Jay: And I would say that 90% of the conversations I have now are texting. I'm sending voice memos to people and they could be two minutes, three minutes, four minutes, whatever, and then they voice memo me back. Okay. And the cool part is, it's like. Being able to have a phone conversation that you can end and also you feel like you're having a relationship with the person because you're hearing their voice and all the things and it's very long and you listen to it on when you wanna listen to it.
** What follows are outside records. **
lemma real_orthogonal_trace_maximizer:
  assumes A: "A \<in> carrier_mat N N"
  obtains V where "real_orthogonal N V"
    "\<And>W. real_orthogonal N W \<Longrightarrow> mtrace (transpose_mat W * A) \<le> mtrace (transpose_mat V * A)"
proof -
  define F where "F = {g :: nat \<times> nat \<Rightarrow> real. (\<forall>p. \<not> (fst p < N \<and> snd p < N) \<longrightarrow> g p = 0) \<and>
     (\<forall>i j. i < N \<and> j < N \<longrightarrow> (\<Sum>a<N. g (a,i) * g (a,j)) = (if i = j then 1 else 0))}"
  define obj where "obj g = (\<Sum>i<N. \<Sum>a<N. g (a,i) * A $$ (a,i))" for g :: "nat \<times> nat \<Rightarrow> real"
  define entries where "entries W = (\<lambda>(i,j). if i < N \<and> j < N then W $$ (i,j) else (0::real))" for W
  have entries: "entries W \<in> F" "obj (entries W) = mtrace (transpose_mat W * A)"
    if W: "real_orthogonal N W" for W
  proof -
    have "(\<Sum>a<N. W $$ (a,i) * W $$ (a,j)) = (if i = j then 1 else 0)" if "i < N" "j < N" for i j
      using W that transpose_mult_index[of W N N W N i j] unfolding real_orthogonal_def by simp
    then show "entries W \<in> F" unfolding F_def entries_def by auto
    show "obj (entries W) = mtrace (transpose_mat W * A)"
      using W A unfolding obj_def entries_def real_orthogonal_def
      by (simp add: mtrace_transpose_mult[of W N N A])
  qed
  have "F \<noteq> {}" using entries(1)[of "1\<^sub>m N"] by (auto simp: real_orthogonal_def)
  moreover have "continuous_on F obj"
    unfolding obj_def by (intro continuous_intros continuous_on_subset[OF continuous_on_product_coordinates]) auto
  ultimately obtain g where g: "g \<in> F" and gmax: "\<And>h. h \<in> F \<Longrightarrow> obj h \<le> obj g"
    using continuous_attains_sup[OF compact_orthonormal_columns[of N, folded F_def]] by blast
  define V where "V = Matrix.mat N N g"
  have "transpose_mat V * V = 1\<^sub>m N"
  proof (rule eq_matI)
    fix i j assume "i < dim_row (1\<^sub>m N)" "j < dim_col (1\<^sub>m N)"
    then show "(transpose_mat V * V) $$ (i,j) = 1\<^sub>m N $$ (i,j)"
      using g transpose_mult_index[of V N N V N i j] unfolding F_def V_def by simp
  qed (simp_all add: V_def)
  then have V: "real_orthogonal N V" unfolding real_orthogonal_def V_def by simp
  have "entries V = g"
  proof
    fix p show "entries V p = g p" using g unfolding F_def entries_def V_def by (cases p) auto
  qed
  then show ?thesis using that[OF V] entries gmax V by metis
qed

section \<open>The orthogonal matrix nearest to a contraction\<close>

definition trace_maximal :: "nat \<Rightarrow> real mat \<Rightarrow> bool" where
  "trace_maximal N S \<longleftrightarrow> (\<forall>H. real_orthogonal N H \<longrightarrow> mtrace (transpose_mat H * S) \<le> mtrace S)"

definition real_psd :: "nat \<Rightarrow> real mat \<Rightarrow> bool" where
  "real_psd N S \<longleftrightarrow> (\<forall>x. 0 \<le> (\<Sum>a<N. \<Sum>b<N. x a * S $$ (a,b) * x b))"

lemma real_orthogonal_householder:
  fixes x :: "nat \<Rightarrow> real"
  assumes c: "c * (\<Sum>r<N. x r * x r) = 2"
  shows "real_orthogonal N (Matrix.mat N N (\<lambda>(a,b). (if a = b then 1 else 0) - c * x a * x b))"
    (is "real_orthogonal N ?H")
proof -
  have H: "?H \<in> carrier_mat N N" by simp
  have "(transpose_mat ?H * ?H) $$ (i,j) = 1\<^sub>m N $$ (i,j)" if ij: "i < N" "j < N" for i j
  proof -
    have "(transpose_mat ?H * ?H) $$ (i,j) = (\<Sum>r<N. ?H $$ (r,i) * ?H $$ (r,j))"
      using transpose_mult_index[OF H H ij] .
    also have "\<dots> = (\<Sum>r<N. (if r = i then if i = j then 1 else 0 else 0))
        - (\<Sum>r<N. if r = i then c * x r * x j else 0) - (\<Sum>r<N. if r = j then c * x r * x i else 0)
        + c * c * x i * x j * (\<Sum>r<N. x r * x r)"
    proof -
      have "?H $$ (r,i) * ?H $$ (r,j) = (if r = i then if i = j then 1 else 0 else 0)
          - (if r = i then c * x r * x j else 0) - (if r = j then c * x r * x i else 0)
          + c * c * x i * x j * (x r * x r)" if "r < N" for r
        using ij that by (auto simp: algebra_simps)
      then show ?thesis by (simp add: sum.distrib sum_subtractf sum_distrib_left)
    qed
    also have "\<dots> = (if i = j then 1 else 0) - 2 * c * x i * x j + c * x i * x j * (c * (\<Sum>r<N. x r * x r))"
      using ij by (simp add: algebra_simps)
    also have "\<dots> = 1\<^sub>m N $$ (i,j)" using c ij by simp
    finally show ?thesis .
  qed
  then show ?thesis unfolding real_orthogonal_def using H by (auto intro: eq_matI)
qed

text \<open>Testing trace maximality against the reflection in the hyperplane orthogonal to \<open>x\<close>.\<close>

lemma trace_maximal_imp_psd:
  assumes S: "S \<in> carrier_mat N N" and max: "trace_maximal N S"
  shows "real_psd N S"
  unfolding real_psd_def
proof
  fix x :: "nat \<Rightarrow> real"
  define q where "q = (\<Sum>r<N. x r * x r)"
  have "q \<ge> 0" unfolding q_def by (intro sum_nonneg) auto
  show "0 \<le> (\<Sum>a<N. \<Sum>b<N. x a * S $$ (a,b) * x b)"
  proof (cases "q = 0")
    case True
    then have "\<forall>r<N. x r = 0" using sum_nonneg_eq_0_iff[of "{..<N}" "\<lambda>r. x r * x r"] unfolding q_def by auto
    then show ?thesis by simp
  next
    case False
    with \<open>q \<ge> 0\<close> have q: "q > 0" by simp
    define H where "H = Matrix.mat N N (\<lambda>(a,b). (if a = b then 1 else 0) - 2 / q * x a * x b)"
    have Hc: "H \<in> carrier_mat N N" unfolding H_def by simp
    have H: "real_orthogonal N H" unfolding H_def using q by (intro real_orthogonal_householder) (simp add: q_def)
    have "mtrace (transpose_mat H * S) = (\<Sum>i<N. \<Sum>a<N. H $$ (a,i) * S $$ (a,i))"
      using mtrace_transpose_mult[OF Hc S] .
    also have "\<dots> = (\<Sum>i<N. \<Sum>a<N. (if a = i then S $$ (a,i) else 0) - 2 / q * (x a * S $$ (a,i) * x i))"
      by (intro sum.cong) (auto simp: H_def algebra_simps)
    also have "\<dots> = mtrace S - 2 / q * (\<Sum>i<N. \<Sum>a<N. x a * S $$ (a,i) * x i)"
      using S by (simp add: sum_subtractf sum_distrib_left mtrace_def sum.delta)
    also have "(\<Sum>i<N. \<Sum>a<N. x a * S $$ (a,i) * x i) = (\<Sum>a<N. \<Sum>b<N. x a * S $$ (a,b) * x b)"
      by (rule sum.swap)
    finally have "0 \<le> 2 / q * (\<Sum>a<N. \<Sum>b<N. x a * S $$ (a,b) * x b)"
      using max H unfolding trace_maximal_def by auto
    then show ?thesis using q by (simp add: zero_le_divide_iff)
  qed
qed

definition givens :: "nat \<Rightarrow> nat \<Rightarrow> nat \<Rightarrow> real \<Rightarrow> real \<Rightarrow> real mat" where
  "givens N i j c s = Matrix.mat N N (\<lambda>(a,b). if a = b then (if a = i \<or> a = j then c else 1)
      else if a = j \<and> b = i then s else if a = i \<and> b = j then -s else 0)"

lemma sum_split_two:
  assumes "i < (N::nat)" "j < N" "i \<noteq> j"
  shows "(\<Sum>r<N. f r) = f i + f j + (\<Sum>r\<in>{..<N}-{i,j}. f r)"
  using sum.subset_diff[of "{i,j}" "{..<N}" f] assms by (simp add: ac_simps)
Jay: I am telling everybody out there, if you are not on Team Voice Memo. This is awesome, especially if you, I mean, some people like talking on the phone. I don't know. I get in my car, my wife's always like, call your friends on the way home from work when you're driving home. I'm like, I don't wanna do that. I wanna listen to a horrible podcast or some cheesy eighties music.
Jay: I don't wanna call anybody. And then I wind up not calling people, but the voice memo is the happy middle ground. So. No one's gonna do it. No one's gonna listen to me. Everyone's gonna say I'm a dork. Uh, but I'm telling you, this is pretty cool. What's not cool is me. I'm not cool. What else do I have to tell everybody?
Jay: I don't know. Uh, I was just thinking about Stranger things. Am I gonna watch Stranger Things? That's a hard pivot. Um, I don't know. I gave up after season two and everyone's telling me, hurry up and watch season three and four. I don't think I care at at all. It went off the rails. What am I talking about? I don't know.
Jay: Anyway, appreciate you being here. Try out that a hundred thousand thing. It's pretty cool, and uh, I'll check you later.